If I use Resource owner password-based and I make request like this:
curl -X POST -d "grant_type=password&username=username&password=password" -u "client_id:client_secret" http://127.0.0.1:8000/api/v2/oauth/token/
I get:
{"access_token": "09Vf0HD5nCPSEvLAnjxrghZPHfvE4c", "token_type": "Bearer", "expires_in": 36000, "refresh_token":"yDmovryDlGhkLVV6T2rTgFQxnNtguq", "scope": "read write groups"}
But If I'm tring to get an access token for my app with this:
curl -X POST -d "grant_type=client_credentials" -u "client_id:client_secret" http://127.0.0.1:8000/api/v2/oauth/token/
I get:
{"error": "unauthorized_client"}
So my doubt is:
How should I setup my application?
Which Authorization grant type my oAuth2 application should have?
Upvotes: 3
Views: 2563
Answers (1)
Reputation: 323
resource owner password credential authenticates your application on behalf of a user (the resource owner) thus grants access to data related to that user.
client_credential grant type is needed when you want to authenticate your application and not the user. The issued access token won't be bound to an user but to an application and this tokens usually only allow access to application related data.
If you want to enable this grant in DOT you should choose "Client Credential" in the application creation form.

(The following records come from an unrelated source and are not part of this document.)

lemma lp_feasible_occ_measure:
  assumes "is_mdp D P g" "separable P" "\<And>z. 0 < pgrp D z" "\<pi> \<in> Pi_DP D P \<rho> g"
  shows "lp_feasible D P \<rho> g (occ_measure P g \<pi> D) (rho_grp D P \<rho> g \<pi> Maj)"
proof -
  note mdp = is_mdpD[OF assms(1)]
  have \<pi>: "is_policy \<pi>" and "rho_grp D P \<rho> g \<pi> Min = rho_grp D P \<rho> g \<pi> Maj"
    using assms(4) unfolding Pi_DP_def by auto
  then have "rho_grp D P \<rho> g \<pi> z = rho_grp D P \<rho> g \<pi> Maj" for z by (cases z) auto
  then show ?thesis
    unfolding lp_feasible_iff
    using rho_grp_eq_group_reward[OF mdp(1) \<pi> mdp(2,4,5) assms(2,3)]
      occ_nonneg[OF mdp(1) \<pi> mdp(2,4,5)] bellman_flow_occ_measure[OF mdp(1) \<pi> mdp(2,4,5)] \<pi>
    by (auto simp: occ_measure_def is_policy_def)
qed

lemma lp_feasible_induced_policy:
  assumes "is_mdp D P g" "separable P" "\<And>z. 0 < pgrp D z"
    and "lp_feasible D P \<rho> g l c" "induced_policy l \<pi>"
  shows "\<pi> \<in> Pi_DP D P \<rho> g" and "occ_measure P g \<pi> D = l"
proof -
  note mdp = is_mdpD[OF assms(1)]
  have nonneg: "\<forall>s a. 0 \<le> l s a" and flow: "bellman_flow P g D l"
    and c: "\<And>z. group_reward D \<rho> l z = c"
    using assms(4) unfolding lp_feasible_iff by auto
  have \<pi>: "is_policy \<pi>" by (rule induced_policy_is_policy[OF nonneg assms(5)])
  show l: "occ_measure P g \<pi> D = l"
    by (rule occ_measure_of_induced_policy[OF mdp(1,2,4,5) nonneg flow assms(5)])
  show "\<pi> \<in> Pi_DP D P \<rho> g"
    using rho_grp_eq_group_reward[OF mdp(1) \<pi> mdp(2,4,5) assms(2,3)] c \<pi>
    unfolding Pi_DP_def l by simp
qed

theorem theorem3:
  fixes D :: "grp \<times> 't::finite \<Rightarrow> real"
    and P :: "grp \<times> 't \<Rightarrow> 'a::finite \<Rightarrow> grp \<times> 't \<Rightarrow> real"
    and R \<rho> :: "grp \<times> 't \<Rightarrow> 'a \<Rightarrow> real"
    and g :: real
  assumes mdp: "is_mdp D P g"
    and sep: "separable P"
    and pmaj: "pgrp D Maj > 0"
    and pmin: "pgrp D Min > 0"
  shows "((\<exists>l c. lp_feasible D P \<rho> g l c) \<longleftrightarrow> Pi_DP D P \<rho> g \<noteq> {}) \<and>
         (Pi_DP D P \<rho> g \<noteq> {} \<longrightarrow>
            (\<exists>l c. lp_optimal D P R \<rho> g l c) \<and>
            (\<forall>l c \<pi>. lp_optimal D P R \<rho> g l c \<longrightarrow> induced_policy l \<pi> \<longrightarrow>
                P_optimal D P R \<rho> g \<pi> \<and> Rval D P R g \<pi> = lp_obj R g l))"
proof -
  have p: "0 < pgrp D z" for z using pmaj pmin by (cases z) auto
  note to_lp = lp_feasible_occ_measure[OF mdp sep p]
  note from_lp = lp_feasible_induced_policy[OF mdp sep p]
  have feasible_iff: "(\<exists>l c. lp_feasible D P \<rho> g l c) \<longleftrightarrow> Pi_DP D P \<rho> g \<noteq> {}"
    using to_lp from_lp(1) induced_policy_exists by blast
  have "P_optimal D P R \<rho> g \<pi> \<and> Rval D P R g \<pi> = lp_obj R g l"
    if opt: "lp_optimal D P R \<rho> g l c" and ind: "induced_policy l \<pi>" for l c \<pi>
  proof -
    have "lp_feasible D P \<rho> g l c" using opt unfolding lp_optimal_def by blast
    then have fair: "\<pi> \<in> Pi_DP D P \<rho> g" and val: "Rval D P R g \<pi> = lp_obj R g l"
      using from_lp[OF _ ind] by (auto simp: Rval_eq_lp_obj)
    have "Rval D P R g \<pi>' \<le> Rval D P R g \<pi>" if "\<pi>' \<in> Pi_DP D P \<rho> g" for \<pi>'
      using to_lp[OF that] opt val unfolding Rval_eq_lp_obj lp_optimal_def by auto
    then show ?thesis using fair val unfolding P_optimal_def by auto
  qed
  then show ?thesis using feasible_iff lp_optimal_exists[OF mdp] by blast
qed

end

The flow you described looks ok, but keep in mind that you need two applications: one for the client credentials grant and one for the password grant.
On the server side, the registration endpoints should have a permission check that allow requests only from client_credential access_tokens. When the registration succeed (say 201) you can obtain a "user token" using username and password before deleting them.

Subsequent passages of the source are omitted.